This is very timely for me. For the last dozen years or so, I have had a difficult time in September. Several significant events and losses have happened in September. The easiest way to deny those feelings of grief is to replace them with something that feels good or, as in my case, something that tastes good. For some reason I drown my grief in anything that tastes good and the higher the calories the better.
As in the opening chapters of the book, I was struck by the thought that there is a difference between hunger and a desire to eat. Now to realize that just because I crave something does not mean I have to eat it. It may seem like a simple concept to some—namely my husband who doesn’t struggle with food as I do—but to me it is like a lightening bolt strikes my heart.
I spent the last few days studying my own responses to “hunger” stimuli. Every hour I would listen to my body and see if I was hungry. When I began to think about food, I stopped and thought about if it was true hunger or desire or a craving. The book describes the physical sensations of each. A desire to eat may be simply that there is a cookie sitting on a plate and you reach out to eat one. You may not be physically hungry, but it is there and it is socially acceptable to eat what is offered.

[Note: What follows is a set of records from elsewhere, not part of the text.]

definition echar :: "'p::prime_card mod_ring \<Rightarrow> complex" where
  "echar a = exp (2 * of_real pi * \<i> * of_int (to_int_mod_ring a) / of_nat CARD('p))"

fun gderiv :: "('v::ab_group_add \<Rightarrow> 'b::ab_group_add) \<Rightarrow> 'v list \<Rightarrow> 'v \<Rightarrow> 'b" where
  "gderiv f [] = f"
| "gderiv f (y # ys) = gderiv (\<lambda>x. f (x + y) - f x) ys"

definition gowers_avg :: "nat \<Rightarrow> ('p::prime_card mod_ring ^ 'n::finite \<Rightarrow> 'p mod_ring) \<Rightarrow> complex" where
  "gowers_avg k f =
     (\<Sum>x\<in>UNIV. \<Sum>ys\<in>{ys. length ys = k}. echar (gderiv f ys x))
       / of_nat (CARD('p mod_ring ^ 'n) ^ (k + 1))"

definition gowers_norm :: "nat \<Rightarrow> ('p::prime_card mod_ring ^ 'n::finite \<Rightarrow> 'p mod_ring) \<Rightarrow> real" where
  "gowers_norm k f = (Re (gowers_avg k f)) powr (1 / 2 ^ k)"

end

theory Submission imports Defs begin

text \<open>For every choice of coefficients a, the phase \<open>\<psi>\<^sub>a(x) = \<Sum> a\<^sub>i\<^sub>j \<langle>x\<^sup>i, y\<^sub>i\<^sub>j\<rangle>\<close>
  has degree at most p - 1, so its p-th derivatives vanish and adding it to f does not change
  \<open>\<parallel>f\<parallel>\<^sub>U\<^sub>p\<close>. Averaging \<open>e(f + \<psi>\<^sub>a)\<close> over all a kills every x outside M by orthogonality of
  characters, and on M, where f is constant, leaves \<open>|M|\<close> times a unimodular constant; hence some
  a has \<open>|\<Sum>\<^sub>x e(f(x) + \<psi>\<^sub>a(x))| \<ge> |M|\<close>. Finally, iterating Cauchy-Schwarz bounds every Gowers
  norm from below by the bias \<open>|\<bbbE>\<^sub>x e(g(x))|\<close>, which for \<open>g = f + \<psi>\<^sub>a\<close> is at least the
  density of M, and the density is at least its square.\<close>

definition exp_frac :: "nat \<Rightarrow> int \<Rightarrow> complex" where
  "exp_frac p n = exp (2 * of_real pi * \<i> * of_int n / of_nat p)"

lemma exp_frac_add: "exp_frac p (a + b) = exp_frac p a * exp_frac p b"
  unfolding exp_frac_def by (simp add: exp_add[symmetric] add_divide_distrib algebra_simps)

lemma exp_frac_mod:
  assumes "p > 0"
  shows "exp_frac p (n mod int p) = exp_frac p n"
proof -
  have "exp_frac p (int p * (n div int p)) = 1"
    unfolding exp_frac_def using assms
    by (simp add: field_simps) (metis exp_2pi_1_int mult.commute mult.left_commute)
  moreover have "exp_frac p n = exp_frac p (n mod int p) * exp_frac p (int p * (n div int p))"
    by (metis exp_frac_add mod_mult_div_eq)
  ultimately show ?thesis by simp
qed

lemma exp_frac_neq_1:
  assumes "0 < n" "n < int p"
  shows "exp_frac p n \<noteq> 1"
proof
  assume "exp_frac p n = 1"
  then obtain k :: int where "2 * pi * n / p = 2 * k * pi"
    unfolding exp_frac_def exp_eq_1 by auto
  then have "real_of_int n = real p * k"
    using assms pi_gt_zero by (simp add: field_simps)
  then have "n = int p * k"
    by (metis of_int_eq_iff of_int_mult of_int_of_nat_eq)
  with assms have "0 < k"
    by (simp add: zero_less_mult_iff)
  then have "int p \<le> int p * k"
    using mult_left_mono[of 1 k "int p"] by simp
  with assms \<open>n = int p * k\<close> show False
    by linarith
qed

lemma echar_eq_exp_frac:
  "echar (a :: 'p::prime_card mod_ring) = exp_frac CARD('p) (to_int_mod_ring a)"
  unfolding echar_def exp_frac_def by simp

lemma echar_add: "echar (a + b :: 'p::prime_card mod_ring) = echar a * echar b"
  unfolding echar_eq_exp_frac to_int_mod_ring_add by (simp add: exp_frac_mod exp_frac_add)

lemma echar_0 [simp]: "echar (0 :: 'p::prime_card mod_ring) = 1"
  unfolding echar_eq_exp_frac by (simp add: exp_frac_def)

lemma norm_echar [simp]: "norm (echar a) = 1"
  unfolding echar_def by (simp add: norm_exp_eq_Re)

lemma echar_diff: "echar (a - b :: 'p::prime_card mod_ring) = echar a * cnj (echar b)"
proof -
  have "echar b * cnj (echar b) = 1"
    using norm_echar[of b] by (metis complex_norm_square of_real_1 power_one)
  moreover have "echar a = echar (a - b) * echar b"
    by (metis diff_add_cancel echar_add)
  ultimately show ?thesis
    by (metis mult.assoc mult.right_neutral)
qed

lemma echar_sum:
  "finite I \<Longrightarrow> echar (\<Sum>q\<in>I. h q :: 'p::prime_card mod_ring) = (\<Prod>q\<in>I. echar (h q))"
  by (induction I rule: finite_induct) (auto simp: echar_add)

lemma echar_neq_1:
  assumes "t \<noteq> (0 :: 'p::prime_card mod_ring)"
  shows "echar t \<noteq> 1"
proof -
  have "to_int_mod_ring t \<noteq> 0"
    using assms by (metis to_int_mod_ring_hom.hom_zero to_int_mod_ring_hom.injectivity)
  moreover have "to_int_mod_ring t \<in> {0..<int CARD('p)}"
    using range_to_int_mod_ring by blast
  ultimately have "0 < to_int_mod_ring t" "to_int_mod_ring t < int CARD('p)"
    by (metis atLeastLessThan_iff order_le_neq_trans)+
  then show ?thesis
    unfolding echar_eq_exp_frac by (rule exp_frac_neq_1)
qed

lemma sum_echar_mult:
  "(\<Sum>b\<in>UNIV. echar (b * t :: 'p::prime_card mod_ring)) = (if t = 0 then of_nat CARD('p) else 0)"
proof (cases "t = 0")
  case False
  define S where "S = (\<Sum>b\<in>UNIV. echar (b * t))"
  have "echar t * S = (\<Sum>b\<in>UNIV. echar ((b + 1) * t))"
    unfolding S_def sum_distrib_left by (simp add: echar_add[symmetric] algebra_simps)
  also have "\<dots> = S"
    unfolding S_def by (rule sum.reindex_bij_witness[of _ "\<lambda>b. b - 1" "\<lambda>b. b + 1"]) auto
  finally have "(echar t - 1) * S = 0"
    by (simp add: algebra_simps)
  with echar_neq_1[OF False] show ?thesis
    using False S_def by simp
qed simp

lemma sum_echar_linear_combination:
  fixes T :: "'q \<Rightarrow> 'x \<Rightarrow> 'p::prime_card mod_ring"
  assumes "finite I"
  shows "(\<Sum>a\<in>PiE I (\<lambda>_. UNIV). echar (\<Sum>q\<in>I. a q * T q x)) =
         (if \<forall>q\<in>I. T q x = 0 then of_nat (CARD('p) ^ card I) else 0)"
proof -
  have "(\<Sum>a\<in>PiE I (\<lambda>_. UNIV). echar (\<Sum>q\<in>I. a q * T q x)) =
        (\<Prod>q\<in>I. \<Sum>b\<in>UNIV. echar (b * T q x))"
    using assms by (simp add: echar_sum prod_sum_PiE)
  also have "\<dots> = (\<Prod>q\<in>I. if T q x = 0 then of_nat CARD('p) else 0)"
    unfolding sum_echar_mult ..
  also have "\<dots> = (if \<forall>q\<in>I. T q x = 0 then of_nat (CARD('p) ^ card I) else 0)"
    using assms by (auto intro: prod_zero)
  finally show ?thesis .
qed

definition char_sum :: "('x::finite \<Rightarrow> 'p::prime_card mod_ring) \<Rightarrow> complex" where
  "char_sum h = (\<Sum>x\<in>UNIV. echar (h x))"

lemma exists_twisted_char_sum_ge:
  fixes T :: "'q \<Rightarrow> 'x::finite \<Rightarrow> 'p::prime_card mod_ring"
  assumes "finite I" and const: "\<And>x. \<forall>q\<in>I. T q x = 0 \<Longrightarrow> f x = c"
  shows "\<exists>a. real (card {x. \<forall>q\<in>I. T q x = 0}) \<le> cmod (char_sum (\<lambda>x. f x + (\<Sum>q\<in>I. a q * T q x)))"
proof (rule ccontr)
  define Z where "Z = {x. \<forall>q\<in>I. T q x = 0}"
  define A where "A = PiE I (\<lambda>_. UNIV :: 'p mod_ring set)"
  define S where "S a = char_sum (\<lambda>x. f x + (\<Sum>q\<in>I. a q * T q x))" for a
  assume "\<not> ?thesis"
  then have small: "cmod (S a) < real (card Z)" for a
    unfolding S_def Z_def by (auto simp: not_le)
  have "(\<Sum>a\<in>A. S a) = (\<Sum>x\<in>UNIV. echar (f x) * (\<Sum>a\<in>A. echar (\<Sum>q\<in>I. a q * T q x)))"
    unfolding S_def char_sum_def by (subst sum.swap) (simp add: echar_add sum_distrib_left)
  also have "\<dots> = (\<Sum>x\<in>UNIV. if x \<in> Z then echar c * of_nat (CARD('p) ^ card I) else 0)"
    unfolding A_def sum_echar_linear_combination[OF \<open>finite I\<close>] Z_def
    by (intro sum.cong) (auto simp: const)
  also have "\<dots> = (\<Sum>x\<in>Z. echar c * of_nat (CARD('p) ^ card I))"
    by (simp add: sum.If_cases)
  finally have "cmod (\<Sum>a\<in>A. S a) = real (card Z) * real (card A)"
    using \<open>finite I\<close> by (simp add: A_def card_PiE norm_mult norm_power)
  also have "\<dots> = (\<Sum>a\<in>A. real (card Z))"
    by simp
  also have "\<dots> > (\<Sum>a\<in>A. cmod (S a))"
    using \<open>finite I\<close> small by (intro sum_strict_mono) (auto simp: A_def PiE_eq_empty_iff finite_PiE)
  finally show False
    using norm_sum[of S A] by simp
qed

lemma gderiv_add: "gderiv (\<lambda>x. g x + h x) ys = (\<lambda>x. gderiv g ys x + gderiv h ys x)"
proof (induction ys arbitrary: g h)
  case (Cons y ys)
  show ?case
    using Cons[of "\<lambda>x. g (x + y) - g x" "\<lambda>x. h (x + y) - h x"] by (simp add: algebra_simps)
qed simp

The same desire as having a second serving at a meal, before my body can send the brain the signal that I am full. A craving, which is what I deal with most, is a strong physical response in the mouth throat of body, a yearning for a specific food. That specific food, such as ice cream, is what I want and nothing else will fill the need. True hunger happens when I have not eaten in some time and have an empty sensation with a rumbling stomach. When I am truly hungry, I don’t have one single food that will satisfy, it could be a variety of foods.
For so many years I have been confusing a desire to eat or a craving for actual hunger. How sad that it has taken me so long to learn to listen to my body and discover what it is that it is trying to tell me. Today I have a desire to eat. It doesn’t matter what it is, I just want to get rid of the empty feeling in the pit of my stomach. It is not hunger, it is grief. I can recognize that today. I can understand it. I can move on to something else to help me deal with that grief, something other than food.